Stanley V. Illinois Essay, Research Paper
Stanley v. Illinois
92 S.Ct. 1208 ( 1972 )
Nature of Case: The complainant is Peter Stanley. He said that his rights to equal protection of the jurisprudence under the 14th Amendment have been violated. He believes that the Illinois jurisprudence that makes kids of unwed male parent? s wards of the province upon decease of the female parent violated his rights.
Facts: Joan and Peter Stanley lived intermittently together for 18 old ages, in which they had 3 kids. When Joan Stanley died, Stanley? s kids were declared wards of the province and placed with tribunal appointed defenders after a dependence hearing by the State of Illinois. Stanley claimed that he had ne’er been shown to be an unfit parent. He believed that since married male parents and unwed female parents could non be deprived of their kids without turn outing this, neither should he. The Illinois Supreme Court accepted the fact that Peter Stanley? s softness had non been proven but rejected that he was deprived of his rights under the 14th amendment.
Issue: Did the State of Illinois violate the Equal Protection Clause when it denied Peter Stanley a hearing on his fittingness to maintain his kids?
Keeping: Yes, a hearing is guaranteed by equal protection under the jurisprudence, for both married male parents and unwed female parents & A ; unwed male parents.
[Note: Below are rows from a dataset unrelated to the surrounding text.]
lemma mean_square_average_le:
  fixes X :: "'i \<Rightarrow> 'a \<Rightarrow> real" and S :: "'i set"
  assumes S: "finite S" "S \<noteq> {}"
    and meas: "\<And>k. k \<in> S \<Longrightarrow> X k \<in> borel_measurable M"
    and bounded: "\<And>k \<omega>. k \<in> S \<Longrightarrow> \<bar>X k \<omega> - q\<bar> \<le> 1"
    and cross: "\<And>k l. k \<in> S \<Longrightarrow> l \<in> S \<Longrightarrow> k \<noteq> l \<Longrightarrow> expectation (\<lambda>\<omega>. (X k \<omega> - q) * (X l \<omega> - q)) = c"
  shows "integrable M (\<lambda>\<omega>. ((\<Sum>k\<in>S. X k \<omega>) / card S - q)\<^sup>2)"
    and "expectation (\<lambda>\<omega>. ((\<Sum>k\<in>S. X k \<omega>) / card S - q)\<^sup>2) \<le> 1 / card S + \<bar>c\<bar>"
proof -
  define Z where "Z = (\<lambda>k l \<omega>. (X k \<omega> - q) * (X l \<omega> - q))"
  have K: "real (card S) > 0"
    using S by (simp add: card_gt_0_iff)
  have Z_bounded: "\<bar>Z k l \<omega>\<bar> \<le> 1" if "k \<in> S" "l \<in> S" for k l \<omega>
    unfolding Z_def abs_mult using bounded[OF that(1)] bounded[OF that(2)]
    by (intro mult_le_one) auto
  have Z_int: "integrable M (Z k l)" if "k \<in> S" "l \<in> S" for k l
    using Z_bounded[OF that] meas[OF that(1)] meas[OF that(2)]
    by (intro integrable_const_bound[where B = 1]) (auto simp: Z_def)
  have square: "((\<Sum>k\<in>S. X k \<omega>) / card S - q)\<^sup>2 = (\<Sum>k\<in>S. \<Sum>l\<in>S. Z k l \<omega>) / (card S)\<^sup>2" for \<omega>
  proof -
    have "(\<Sum>k\<in>S. X k \<omega>) / card S - q = (\<Sum>k\<in>S. X k \<omega> - q) / card S"
      using K by (simp add: sum_subtractf field_simps)
    then show ?thesis
      by (simp add: Z_def power2_eq_square sum_product)
  qed
  show "integrable M (\<lambda>\<omega>. ((\<Sum>k\<in>S. X k \<omega>) / card S - q)\<^sup>2)"
    unfolding square using Z_int by auto
  have "expectation (\<lambda>\<omega>. ((\<Sum>k\<in>S. X k \<omega>) / card S - q)\<^sup>2)
      = (\<Sum>k\<in>S. \<Sum>l\<in>S. expectation (Z k l)) / (card S)\<^sup>2"
    unfolding square using Z_int by (simp add: Bochner_Integration.integral_sum integrable_sum)
  also have "\<dots> \<le> (\<Sum>k\<in>S. \<Sum>l\<in>S. of_bool (k = l) + \<bar>c\<bar>) / (card S)\<^sup>2"
  proof (intro divide_right_mono sum_mono)
    fix k l assume kl: "k \<in> S" "l \<in> S"
    show "expectation (Z k l) \<le> of_bool (k = l) + \<bar>c\<bar>"
    proof (cases "k = l")
      case True
      have "expectation (Z k l) \<le> expectation (\<lambda>_. 1)"
        using Z_bounded[OF kl] by (intro integral_mono Z_int[OF kl]) (auto simp: abs_le_iff)
      then show ?thesis
        using True prob_space by simp
    next
      case False
      then show ?thesis
        using cross[OF kl] by (simp add: Z_def)
    qed
  qed simp
  also have "\<dots> = 1 / card S + \<bar>c\<bar>"
    using K S by (simp add: sum.distrib of_bool_def sum.delta field_simps power2_eq_square)
  finally show "expectation (\<lambda>\<omega>. ((\<Sum>k\<in>S. X k \<omega>) / card S - q)\<^sup>2) \<le> 1 / card S + \<bar>c\<bar>" .
qed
Rule: 1. Justice White, speech production for the bulk believes that the determination in this instance is similar to Bell v. Burson, in which held that the province could non strip a individual of there drivers license refering to a hurrying
violation without a hearing. He stated: “The states interest in caring for Stanley?s children is de minimis if Stanley is shown to be a fit father. It insists on presuming rather than proving Stanley?s unfitness solely because it is more convenient to presume than to prove. 2. They concluded that all Illinois parents are constitutionally entitled to a hearing on their fitness before their children are removed from their custody. Denying such a hearing to Stanley and those like him while granting it to other Illinois parents is inescapably contrary to the Equal Protection Clause. 3. The rule of law that justifies the holding of the case is: “It is cardinal with us that the custody, care, and nurture of the child reside first in the parents, whose primary function and freedom include preparation for obligations the state may neither supply nor hinder” (Prince v. Mass.). 4. “The integrity of the family unit has found protection in the due process clause of the Fourteenth Amendment, and the Ninth Amendment.” We observed that the State registers no gain towards its declared goals when it separates children from the custody of fit parents. 5. Indeed, if Stanley is a fit father, the state spites its own articulated goals when it needlessly separates him from his family”. One might fairly say of the Bill of Rights in general, and the Due Process Clause in particular, that they were designed to protect the fragile values of a vulnerable citizenry from the overbearing concern for efficiency and efficacy that may characterize praiseworthy government officials no less, and perhaps more, the mediocre ones.”